Our system of justice once held the same adversarial notions sacred, but that was before the Anti-Terrorism and Effective Death Penalty Act, the Patriot Act, the Detainees Treatment Act, and the Military Commission Act. Today is the dawn of a new legal era. The government of the United States now sees torture as a means to an end and sacred individual rights as expendable for the sake of the “greater good.” These are dangerous times. Attorneys in the Boumediene case made this clear in one of their briefs to the D.C. Court of Appeals:
“The Government asks this Court to turn the clock back to the early 1600s when the Executive could detain people without cause and without question. The Government's solution to our national shame is not to fix it, but to hide it, even at the expense of our common law traditions, our Constitution, and the freedom of innocent men who were living peacefully in Europe on September 11th.
“Ironically, the Government casts itself as the victim. The Government complains that it has been ‘forced to reconfigure its operations,’ as though it were Petitioners' choice that the Government keeps them incarcerated on a distant island base never intended to function as a prison. The Government laments that litigation has ‘consumed enormous resources,’ as though Petitioners' right not to be deprived of their liberty indefinitely without a lawful basis were a trifling inconvenience. And the Government rebukes counsel for ‘hundreds of visits,’ as though it were counsel's doing that the Government has chosen to imprison over 600 men, without charging them with any crime, and has tortured many of them in violation of basic principles of humane treatment.
“Notably, while the Government closely restricts visits by small numbers of lawyers, it regularly accommodates and entertains contingents of reporters at Guantanamo.

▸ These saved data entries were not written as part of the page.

(* Let $g:[0,1]\to[0,1]$ be increasing with $g(0)=0$, $g(1)=1$, let $\mathbb P$ be a probability measure, $\delta>0$, and $\phi$ as in the context. For every $X\in\mathcal X$, $$\sup_{\mathbb Q\in\mathcal P_\phi(\mathbb P,\delta)}\rho^{\mathbb Q}_g(X)\le\rho^{\mathbb P}_{g\circ g_{\phi,\delta}}(X).$$ Moreover, if $\phi:[0,\infty)\to\mathbb R$ is strictly convex with $\lim_{x\to\infty}\phi(x)/x=\infty$ and $g$ is right-continuous on $[0,1)$, then $$\lim_{\delta\downarrow0}\sup_{\mathbb Q\in\mathcal P_\phi(\mathbb P,\delta)}\rho^{\mathbb Q}_g(X)=\lim_{\delta\downarrow0}\rho^{\mathbb P}_{g\circ g_{\phi,\delta}}(X)=\rho^{\mathbb P}_g(X).$$
   Context: $\mathcal X$ is the set of bounded random variables on $(\Omega,\mathcal F)$. For increasing $h:[0,1]\to[0,1]$ with $h(0)=0$, $h(1)=1$ and a probability $\mathbb Q$, the distortion risk measure is $\rho^{\mathbb Q}_h(X)=\int_0^\infty h(\mathbb Q(X>x))\,\mathrm dx+\int_{-\infty}^0\big(h(\mathbb Q(X>x))-1\big)\,\mathrm dx$. $\phi:[0,\infty)\to\mathbb R\cup\{\infty\}$ convex with $\phi(1)=0$, $\phi(0)=\lim_{x\downarrow0}\phi(x)$; $D_\phi(\mathbb Q\|\mathbb P)=\mathbb E^{\mathbb P}[\phi(\mathrm d\mathbb Q/\mathrm d\mathbb P)]$; $\mathcal P_\phi(\mathbb P,\delta)=\{\mathbb Q\ll\mathbb P: D_\phi(\mathbb Q\|\mathbb P)\le\delta\}$. $g_{\phi,\delta}(0)=0$, $g_{\phi,\delta}(1)=1$, and $g_{\phi,\delta}(x)=\sup\{t\in[x,1]: x\phi(t/x)+(1-x)\phi((1-t)/(1-x))\le\delta\}$ for $x\in(0,1)$. *)

theory Defs
  imports "HOL-Probability.Probability"
begin

definition distortion_risk :: "(real \<Rightarrow> real) \<Rightarrow> 'a measure \<Rightarrow> ('a \<Rightarrow> real) \<Rightarrow> real" where
  "distortion_risk h Q X =
     (LINT x:{0..}|lborel. h (measure Q {\<omega> \<in> space Q. X \<omega> > x}))
   + (LINT x:{..0}|lborel. h (measure Q {\<omega> \<in> space Q. X \<omega> > x}) - 1)"

definition convex_ereal_nonneg :: "(real \<Rightarrow> ereal) \<Rightarrow> bool" where
  "convex_ereal_nonneg \<phi> \<longleftrightarrow>
     (\<forall>x\<ge>0. \<forall>y\<ge>0. \<forall>t\<in>{0..1}. \<phi> (t * x + (1 - t) * y) \<le> ereal t * \<phi> x + ereal (1 - t) * \<phi> y)"

definition strictly_convex_ereal_nonneg :: "(real \<Rightarrow> ereal) \<Rightarrow> bool" where
  "strictly_convex_ereal_nonneg \<phi> \<longleftrightarrow>
     (\<forall>x\<ge>0. \<forall>y\<ge>0. x \<noteq> y \<longrightarrow> (\<forall>t\<in>{0<..<1}. \<phi> (t * x + (1 - t) * y) < ereal t * \<phi> x + ereal (1 - t) * \<phi> y))"
lemma det_mat_3:
  "det (mat 3 3 (\<lambda>(i, j). Y i j)) = Y 0 0 * (Y 1 1 * Y 2 2 - Y 1 2 * Y 2 1)
     - Y 0 1 * (Y 1 0 * Y 2 2 - Y 1 2 * Y 2 0) + Y 0 2 * (Y 1 0 * Y 2 1 - Y 1 1 * Y 2 0)"
  by (simp add: det_mat_Suc eval_nat_numeral algebra_simps)

lemma det_scalar_minus_block_diag3:
  "det (y \<cdot>\<^sub>m 1\<^sub>m 3 - mat 3 3 (\<lambda>(i, j). [[a, 0, 0], [0, b, c], [0, d, f]] ! i ! j))
    = (y - a) * ((y - b) * (y - f) - c * d)"
proof -
  have "y \<cdot>\<^sub>m 1\<^sub>m 3 - mat 3 3 (\<lambda>(i, j). [[a, 0, 0], [0, b, c], [0, d, f]] ! i ! j)
      = mat 3 3 (\<lambda>(i, j). (if i = j then y else 0) - [[a, 0, 0], [0, b, c], [0, d, f]] ! i ! j)"
    by (rule eq_matI) auto
  then show ?thesis by (simp add: det_mat_3 algebra_simps)
qed

definition perm_alt_sum4 :: "(nat \<Rightarrow> nat \<Rightarrow> nat \<Rightarrow> nat \<Rightarrow> 'a::comm_ring_1) \<Rightarrow> 'a" where
  "perm_alt_sum4 Y =
     Y 0 1 2 3 - Y 0 1 3 2 - Y 0 2 1 3 + Y 0 2 3 1 + Y 0 3 1 2 - Y 0 3 2 1
   - Y 1 0 2 3 + Y 1 0 3 2 + Y 1 2 0 3 - Y 1 2 3 0 - Y 1 3 0 2 + Y 1 3 2 0
   + Y 2 0 1 3 - Y 2 0 3 1 - Y 2 1 0 3 + Y 2 1 3 0 + Y 2 3 0 1 - Y 2 3 1 0
   - Y 3 0 1 2 + Y 3 0 2 1 + Y 3 1 0 2 - Y 3 1 2 0 - Y 3 2 0 1 + Y 3 2 1 0"

lemma det_mat_4:
  "det (mat 4 4 (\<lambda>(i, j). X i j)) = perm_alt_sum4 (\<lambda>a b c d. X 0 a * X 1 b * X 2 c * X 3 d)"
  unfolding perm_alt_sum4_def by (simp add: det_mat_Suc eval_nat_numeral algebra_simps)
(* Let $b\in\mathbb{K}_{d,1}$ and $M>0$, and let $t_*$ be as below. There are constants $C_1=C_1(d,\alpha,M)>0$ and $C_2=C_2(d,\alpha,M)>0$ such that for all $a\in(0,M]$, $t\in(0,t_*]$ and $x,y\in\mathbb{R}^d$, $$p^{a,b}(t,x,y)\ge C_1t^{-d/2}\exp\Big(-\frac{C_2|x-y|^2}{t}\Big).$$
   Context: Standing assumption: $d\ge2$, $\alpha\in(0,2)$. $M_b(r)=\sup_x\int_{|x-y|<r}|b(y)||x-y|^{1-d}dy$; $b\in\mathbb{K}_{d,1}$ iff $M_b(r)\to0$ as $r\downarrow0$. $p^a(t,x,y)=p^a(t,x-y)$ with $\int p^a(t,z)e^{iz\cdot\xi}dz=e^{-t(|\xi|^2+a^\alpha|\xi|^\alpha)}$; $p_0^{a,b}=p^a$, $p_k^{a,b}(t,x,y)=\int_0^t\int p_{k-1}^{a,b}(t-s,x,z)b(z)\cdot\nabla_zp^a(s,z,y)dzds$. $q^a_{d,\beta}(t,z)=t^{-d/2}e^{-\beta|z|^2/t}+t^{-d/2}\wedge\frac{a^\alpha t}{|z|^{d+\alpha}}$; $\beta_U>0$ is a constant such that for all $M,T$ there is $C_U>0$ with $p^a\le C_Uq^a_{d,\beta_U}$ on $(0,T]\times\mathbb{R}^d$ for $a\in(0,M]$. $t_*=t_*(d,\alpha,M,b)>0$ and $C_0=C_0(d,\alpha,M)\ge1$ are constants such that for all $a\in(0,M]$, $t\in(0,t_*]$, $x,y$: $\sum_k|p_k^{a,b}(t,x,y)|\le C_0q^a_{d,\beta_U/2}(t,x-y)$, and $\sum_kp_k^{a,b}(t,x,y)\ge C_0^{-1}t^{-d/2}$ whenever $|x-y|^2<t$. $p^{a,b}$ is the jointly continuous, nonnegative kernel equal to $\sum_kp_k^{a,b}$ on $(0,t_*]\times\mathbb{R}^d\times\mathbb{R}^d$ and satisfying Chapman–Kolmogorov $p^{a,b}(t+s,x,y)=\int p^{a,b}(t,x,z)p^{a,b}(s,z,y)dz$ for all $t,s>0$. *)

theory Defs
  imports "HOL-Analysis.Analysis"
begin

text \<open>Dimension d = CARD('n); points of R^d are of type real^'n.\<close>

definition kato_M :: "(real^'n \<Rightarrow> real^'n) \<Rightarrow> real \<Rightarrow> ennreal" where
  "kato_M b r = (SUP x. \<integral>\<^sup>+ y. ennreal (indicator (ball x r) y * norm (b y)
       * dist x y powr (1 - real CARD('n))) \<partial>lborel)"

definition kato_class :: "(real^'n \<Rightarrow> real^'n) set" where
  "kato_class = {b. b \<in> borel_measurable borel \<and> (kato_M b \<longlongrightarrow> 0) (at_right 0)}"

text \<open>Heat kernel p^a(t,z) of Delta + a^alpha Delta^{alpha/2}, by Fourier inversion of
  exp(-t(|xi|^2 + a^alpha |xi|^alpha)) (which is even, so only the cosine part remains).\<close>
definition pa :: "real \<Rightarrow> real \<Rightarrow> real \<Rightarrow> real^'n \<Rightarrow> real" where
  "pa \<alpha> a t z = (1 / (2 * pi) ^ CARD('n)) *
     (\<integral> \<xi>. exp (- t * ((norm \<xi>)\<^sup>2 + a powr \<alpha> * norm \<xi> powr \<alpha>)) * cos (inner z \<xi>) \<partial>lborel)"

definition grad :: "(real^'n \<Rightarrow> real) \<Rightarrow> real^'n \<Rightarrow> real^'n" where
  "grad f x = (THE D. GDERIV f x :> D)"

The Government also asserts that ‘habeas counsel have violated protective orders.’ This serious accusation is made without any record substantiation or support. The Government has never alleged any protective order violation by Petitioners' counsel.
“The Government's disappointment that its own misguided and unlawful actions have been exposed does not deserve this Court's sympathy. Nor does it warrant abandoning the fundamental principle of our Anglo-American legal system-that a civilian detained by the Executive may ask that a neutral judge examine the asserted legal and factual basis for his detention and, if it proves insufficient, order his release. The writ of habeas corpus exists precisely to ensure that the Executive does not capriciously cause people to disappear without explanation…Petitioners ask only that a judge examine their confinement in a habeas proceeding. Neither Congress nor our Constitution permits the Government to deny them that opportunity. This Court should hold that the federal courts' jurisdiction over Petitioners' habeas cases continues unaltered.”